(* For every integer $d \geq 2$, $\mathsf {Brac}_{d,1}=\mathsf {Brac}_d$.
   Context: $\Delta_d=\{\alpha\in\mathbb R^d:\alpha_i\ge0,\ \sum_i\alpha_i=1\}$. The bracelet condition set is $\mathsf{Brac}_d=\{(\alpha,\beta)\in\Delta_d^2:\ \forall i\in[d],\ \sqrt{\alpha_i\beta_i}\le\sum_{j\ne i}\sqrt{\alpha_j\beta_j}\}$. For $s\ge1$, the generalized bracelet condition set $\mathsf{Brac}_{d,s}$ is the set of $(\alpha,\beta)\in\Delta_d^2$ for which there exist $A_1,\dots,A_d,B_1,\dots,B_d\in M_s(\mathbb C)$ with $\sum_i A_iA_i^*=\sum_iB_iB_i^*=I_s$, $\sum_iA_iB_i^*=0$, and $\tfrac1s\|A_i\|_F^2=\alpha_i$, $\tfrac1s\|B_i\|_F^2=\beta_i$ for all $i\in[d]$, where $\|X\|_F=\operatorname{Tr}(XX^* )^{1/2}$. *)

theory Defs
  imports Complex_Main
begin

text \<open>Vectors in R^d are real lists of length d (entry i is the (i+1)-th coordinate).
  Matrices in M_s(C) are functions nat \<Rightarrow> nat \<Rightarrow> complex, only entries with
  indices < s being relevant. A family A_1..A_d of matrices is a function
  nat \<Rightarrow> (nat \<Rightarrow> nat \<Rightarrow> complex), indexed by i < d.\<close>

definition simplex :: "nat \<Rightarrow> real list set" where
  "simplex d = {a. length a = d \<and> (\<forall>i<d. a ! i \<ge> 0) \<and> (\<Sum>i<d. a ! i) = 1}"

definition Brac :: "nat \<Rightarrow> (real list \<times> real list) set" where
  "Brac d = {(a, b). a \<in> simplex d \<and> b \<in> simplex d \<and>
     (\<forall>i<d. sqrt (a ! i * b ! i) \<le> (\<Sum>j\<in>{..<d} - {i}. sqrt (a ! j * b ! j)))}"

text \<open>Entry (j,k) of \<Sum>_i X_i Y_i^* for s\<times>s matrices.\<close>
definition sum_mult_adj :: "nat \<Rightarrow> nat \<Rightarrow> (nat \<Rightarrow> nat \<Rightarrow> nat \<Rightarrow> complex)
    \<Rightarrow> (nat \<Rightarrow> nat \<Rightarrow> nat \<Rightarrow> complex) \<Rightarrow> nat \<Rightarrow> nat \<Rightarrow> complex" where
  "sum_mult_adj d s X Y j k = (\<Sum>i<d. \<Sum>l<s. X i j l * cnj (Y i k l))"

definition frob2 :: "nat \<Rightarrow> (nat \<Rightarrow> nat \<Rightarrow> complex) \<Rightarrow> real" where
  "frob2 s X = (\<Sum>j<s. \<Sum>k<s. (cmod (X j k))\<^sup>2)"

definition Brac_gen :: "nat \<Rightarrow> nat \<Rightarrow> (real list \<times> real list) set" where
  "Brac_gen d s = {(a, b). a \<in> simplex d \<and> b \<in> simplex d \<and>
     (\<exists>A B :: nat \<Rightarrow> nat \<Rightarrow> nat \<Rightarrow> complex.
        (\<forall>j<s. \<forall>k<s. sum_mult_adj d s A A j k = (if j = k then 1 else 0)) \<and>
        (\<forall>j<s. \<forall>k<s. sum_mult_adj d s B B j k = (if j = k then 1 else 0)) \<and>
        (\<forall>j<s. \<forall>k<s. sum_mult_adj d s A B j k = 0) \<and>
        (\<forall>i<d. frob2 s (A i) / real s = a ! i \<and> frob2 s (B i) / real s = b ! i))}"

end

theory Submission
  imports Defs
begin
lemma visc_sup_ge_add_smooth:
  fixes f :: "('d::finite, 'k::finite) point \<Rightarrow> real"
  assumes g: "visc_sup_ge mu sig U kap lam Dom g \<gamma>"
    and f: "C2_on V f Df D2f" and Dom_V: "Dom \<subseteq> V" and \<xi>: "\<xi> \<ge> 0"
    and f_bound: "\<And>x ub. x \<in> Dom \<Longrightarrow> ub \<in> U \<times> sphere 0 1 \<Longrightarrow>
                    \<delta> \<le> Hop_at mu sig kap lam (Df x) (D2f x) x ub"
  shows "visc_sup_ge mu sig U kap lam Dom (\<lambda>x. g x + \<xi> * f x) (\<gamma> + \<xi> * \<delta>)"
  unfolding visc_sup_ge_iff
proof (intro ballI allI impI)
  fix x0 W \<phi> D\<phi> D2\<phi>
  assume x0: "x0 \<in> Dom"
    and test: "C2_on W \<phi> D\<phi> D2\<phi> \<and> Dom \<subseteq> W \<and> g x0 + \<xi> * f x0 - \<phi> x0 = 0 \<and>
      (\<forall>x\<in>Dom. g x0 + \<xi> * f x0 - \<phi> x0 \<le> g x + \<xi> * f x - \<phi> x)"
  define S where "S = U \<times> sphere (0 :: real \<times> ((real^'d)^'k) \<times> (real^'d)) 1"
  let ?H = "\<lambda>D D2 ub. Hop_at mu sig kap lam D D2 x0 ub"
  let ?D\<psi> = "D\<phi> x0 - \<xi> *\<^sub>R Df x0" and ?D2\<psi> = "D2\<phi> x0 - \<xi> *\<^sub>R D2f x0"
  define \<psi> where "\<psi> x = \<phi> x - \<xi> * f x" for x
  have "C2_on (W \<inter> V) \<psi> (\<lambda>x. D\<phi> x - \<xi> *\<^sub>R Df x) (\<lambda>x. D2\<phi> x - \<xi> *\<^sub>R D2f x)
      \<and> Dom \<subseteq> W \<inter> V \<and> g x0 - \<psi> x0 = 0 \<and> (\<forall>x\<in>Dom. g x0 - \<psi> x0 \<le> g x - \<psi> x)"
    using C2_on_diff_scaled[of W \<phi> D\<phi> D2\<phi>] test f Dom_V unfolding \<psi>_def[abs_def]
    by (auto simp: algebra_simps)
  from g[unfolded visc_sup_ge_iff, rule_format, OF x0 this]
  have sup_\<psi>: "ereal \<gamma> \<le> (SUP ub\<in>S. ereal (?H ?D\<psi> ?D2\<psi> ub))"
    unfolding S_def .
  have S_nonempty: "S \<noteq> {}"
    using sup_\<psi> by (auto simp: bot_ereal_def)
  have pointwise: "ereal (?H ?D\<psi> ?D2\<psi> ub) + ereal (\<xi> * \<delta>) \<le> ereal (?H (D\<phi> x0) (D2\<phi> x0) ub)"
    if "ub \<in> S" for ub
  proof -
    have "\<xi> * \<delta> \<le> \<xi> * ?H (Df x0) (D2f x0) ub"
      using f_bound[OF x0] that \<xi> unfolding S_def by (simp add: mult_left_mono)
    then show ?thesis by (simp add: Hop_at_diff_scaled)
  qed
  have "ereal (\<gamma> + \<xi> * \<delta>) = ereal \<gamma> + ereal (\<xi> * \<delta>)"
    by simp
  also have "\<dots> \<le> (SUP ub\<in>S. ereal (?H ?D\<psi> ?D2\<psi> ub)) + ereal (\<xi> * \<delta>)"
    using sup_\<psi> by (rule add_right_mono)
  also have "\<dots> = (SUP ub\<in>S. ereal (?H ?D\<psi> ?D2\<psi> ub) + ereal (\<xi> * \<delta>))"
    by (rule SUP_ereal_add_left[OF S_nonempty, symmetric]) simp
  also have "\<dots> \<le> (SUP ub\<in>S. ereal (?H (D\<phi> x0) (D2\<phi> x0) ub))"
    using pointwise by (intro SUP_mono) blast
  finally show "ereal (\<gamma> + \<xi> * \<delta>) \<le> (SUP ub\<in>U \<times> sphere 0 1. ereal (?H (D\<phi> x0) (D2\<phi> x0) ub))"
    unfolding S_def .
qed

(* The (z, p, m)-gradient and Hessian of E (1 + sum_k ln (1 + p_k) + ln (1 + m)). *)
definition log_grad :: "real \<Rightarrow> real^'k \<Rightarrow> real \<Rightarrow> (real^'d) \<times> (real^'k) \<times> real \<Rightarrow> real" where
  "log_grad E p m w = (\<Sum>k\<in>UNIV. E / (1 + p$k) * fst (snd w) $ k) + E / (1 + m) * snd (snd w)"

definition log_hess ::
  "real \<Rightarrow> real^'k \<Rightarrow> real \<Rightarrow> (real^'d) \<times> (real^'k) \<times> real \<Rightarrow> (real^'d) \<times> (real^'k) \<times> real \<Rightarrow> real" where
  "log_hess E p m w w' =
     - (\<Sum>k\<in>UNIV. E / (1 + p$k)^2 * fst (snd w) $ k * fst (snd w') $ k)
     - E / (1 + m)^2 * snd (snd w) * snd (snd w')"

lemma Fop_scaleR:
  "Fop kap lam p m A (r *\<^sub>R a) (r *\<^sub>R e) = r^2 * Fop kap lam p m A a e"
proof -
  have diag: "(\<Sum>k\<in>UNIV. (kap (p $ k))^2 * (norm ((r *\<^sub>R a) $ k))^2 * A (0, axis k 1, 0) (0, axis k 1, 0))
      = r^2 * (\<Sum>k\<in>UNIV. (kap (p $ k))^2 * (norm (a $ k))^2 * A (0, axis k 1, 0) (0, axis k 1, 0))"
    by (simp add: sum_distrib_left power_mult_distrib mult_ac)
  have cross: "(\<Sum>k\<in>UNIV. kap (p $ k) * ((r *\<^sub>R e) \<bullet> (r *\<^sub>R a) $ k) * A (0, axis k 1, 0) (0, 0, 1))
      = r^2 * (\<Sum>k\<in>UNIV. kap (p $ k) * (e \<bullet> a $ k) * A (0, axis k 1, 0) (0, 0, 1))"
    by (simp add: sum_distrib_left power2_eq_square mult_ac)
  show ?thesis
    unfolding Fop_def diag cross by (simp add: algebra_simps)
qed

lemma Lop_log_test:
  "Lop mu sig kap lam t z p m (log_grad E p m) (log_hess E p m :: (real^'d) \<times> (real^'k) \<times> real \<Rightarrow> _) u a e = 0"
  unfolding Lop_def log_grad_def log_hess_def by simp

lemma Hop_log_test:
  fixes b :: "real \<times> ((real^'d)^'k) \<times> (real^'d)"
  shows "Hop mu sig kap lam t z p m (log_grad E p m) (log_hess E p m) c u b
     = Fop kap lam p m (log_hess E p m) (fst (snd b)) (snd (snd b)) - (fst b)^2 * c"
proof (cases "fst b = 0")
  case True
  then show ?thesis by (simp add: Hop_def)
next
  case False
  let ?F = "Fop kap lam p m (log_hess E p m)"
  have "Hop mu sig kap lam t z p m (log_grad E p m) (log_hess E p m) c u b
      = (fst b)^2 * ?F ((1 / fst b) *\<^sub>R fst (snd b)) ((1 / fst b) *\<^sub>R snd (snd b)) - (fst b)^2 * c"
    using False by (simp add: Hop_def Let_def Lop_log_test algebra_simps)
  also have "\<dots> = ?F (fst (snd b)) (snd (snd b)) - (fst b)^2 * c"
    using False by (simp add: Fop_scaleR power_divide)
  finally show ?thesis .
qed

lemma max_one_sq_ratio_ge:
  fixes x E :: real
  assumes "x > 0" and "E \<ge> 0"
  shows "E / 4 \<le> (max 1 x)^2 * E / (1 + x)^2"
proof -
  have "(1 + x)^2 \<le> (2 * max 1 x)^2"
    using assms by (intro power_mono) auto
  then have "E * (1 + x)^2 \<le> E * (4 * (max 1 x)^2)"
    using assms by (intro mult_left_mono) (auto simp: power_mult_distrib)
  then show ?thesis
    using assms by (simp add: field_simps)
qed

lemma Fop_log_hess_ge:
  fixes p :: "real^'k" and e :: "real^'d"
  assumes E: "E \<ge> 0" and p: "\<And>k. p$k > 0" and m: "m > 0"
  shows "E / 8 * ((norm e)^2 + (\<Sum>k\<in>UNIV. (norm (a$k))^2))
    \<le> Fop (\<lambda>p. max 1 p) (\<lambda>m. max 1 m) p m (log_hess E p m :: (real^'d) \<times> _ \<Rightarrow> _) a e"
proof -
  have hess_p: "log_hess E p m (0 :: real^'d, axis k 1, 0) (0, axis k 1, 0) = - E / (1 + p$k)^2" for k
    by (simp add: log_hess_def axis_def if_distrib cong: if_cong)
  have hess_m: "log_hess E p m (0 :: real^'d, 0, 1) (0, 0, 1) = - E / (1 + m)^2"
    and hess_pm: "log_hess E p m (0 :: real^'d, axis k 1, 0) (0, 0, 1) = 0" for k
    by (simp_all add: log_hess_def)
  have "E / 8 * ((norm e)^2 + (\<Sum>k\<in>UNIV. (norm (a$k))^2))
      = 1/2 * ((norm e)^2 * (E / 4)) + 1/2 * (\<Sum>k\<in>UNIV. (norm (a$k))^2 * (E / 4))"
    unfolding sum_distrib_right[symmetric] by (simp add: algebra_simps)
  also have "\<dots> \<le> 1/2 * ((norm e)^2 * ((max 1 m)^2 * E / (1 + m)^2))
      + 1/2 * (\<Sum>k\<in>UNIV. (norm (a$k))^2 * ((max 1 (p$k))^2 * E / (1 + p$k)^2))"
    using max_one_sq_ratio_ge[OF m E] max_one_sq_ratio_ge[OF p E]
    by (intro add_mono mult_left_mono sum_mono) auto
  also have "\<dots> = Fop (\<lambda>p. max 1 p) (\<lambda>m. max 1 m) p m (log_hess E p m :: (real^'d) \<times> _ \<Rightarrow> _) a e"
    unfolding Fop_def hess_p hess_m hess_pm by (simp add: sum_negf algebra_simps)
  finally show ?thesis .
qed

lemma norm_triple_sq:
  fixes b :: "real \<times> ((real^'d)^'k) \<times> (real^'d)"
  shows "(norm b)^2 = (fst b)^2 + (norm (snd (snd b)))^2 + (\<Sum>k\<in>UNIV. (norm (fst (snd b) $ k))^2)"
  unfolding norm_prod_def norm_vec_def L2_set_def
  by (simp add: sum_nonneg)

-=-=-=-=-

Begin with the first line of the listing and copy exactly through the line that contains "(\<forall>i<d. sqrt (a", please, keeping both ends and leaving out everything after.

(* For every integer $d \geq 2$, $\mathsf {Brac}_{d,1}=\mathsf {Brac}_d$.
   Context: $\Delta_d=\{\alpha\in\mathbb R^d:\alpha_i\ge0,\ \sum_i\alpha_i=1\}$. The bracelet condition set is $\mathsf{Brac}_d=\{(\alpha,\beta)\in\Delta_d^2:\ \forall i\in[d],\ \sqrt{\alpha_i\beta_i}\le\sum_{j\ne i}\sqrt{\alpha_j\beta_j}\}$. For $s\ge1$, the generalized bracelet condition set $\mathsf{Brac}_{d,s}$ is the set of $(\alpha,\beta)\in\Delta_d^2$ for which there exist $A_1,\dots,A_d,B_1,\dots,B_d\in M_s(\mathbb C)$ with $\sum_i A_iA_i^*=\sum_iB_iB_i^*=I_s$, $\sum_iA_iB_i^*=0$, and $\tfrac1s\|A_i\|_F^2=\alpha_i$, $\tfrac1s\|B_i\|_F^2=\beta_i$ for all $i\in[d]$, where $\|X\|_F=\operatorname{Tr}(XX^* )^{1/2}$. *)

theory Defs
  imports Complex_Main
begin

text \<open>Vectors in R^d are real lists of length d (entry i is the (i+1)-th coordinate).
  Matrices in M_s(C) are functions nat \<Rightarrow> nat \<Rightarrow> complex, only entries with
  indices < s being relevant. A family A_1..A_d of matrices is a function
  nat \<Rightarrow> (nat \<Rightarrow> nat \<Rightarrow> complex), indexed by i < d.\<close>

definition simplex :: "nat \<Rightarrow> real list set" where
  "simplex d = {a. length a = d \<and> (\<forall>i<d. a ! i \<ge> 0) \<and> (\<Sum>i<d. a ! i) = 1}"

definition Brac :: "nat \<Rightarrow> (real list \<times> real list) set" where
  "Brac d = {(a, b). a \<in> simplex d \<and> b \<in> simplex d \<and>
     (\<forall>i<d. sqrt (a ! i * b ! i) \<le> (\<Sum>j\<in>{..<d} - {i}. sqrt (a ! j * b ! j)))}"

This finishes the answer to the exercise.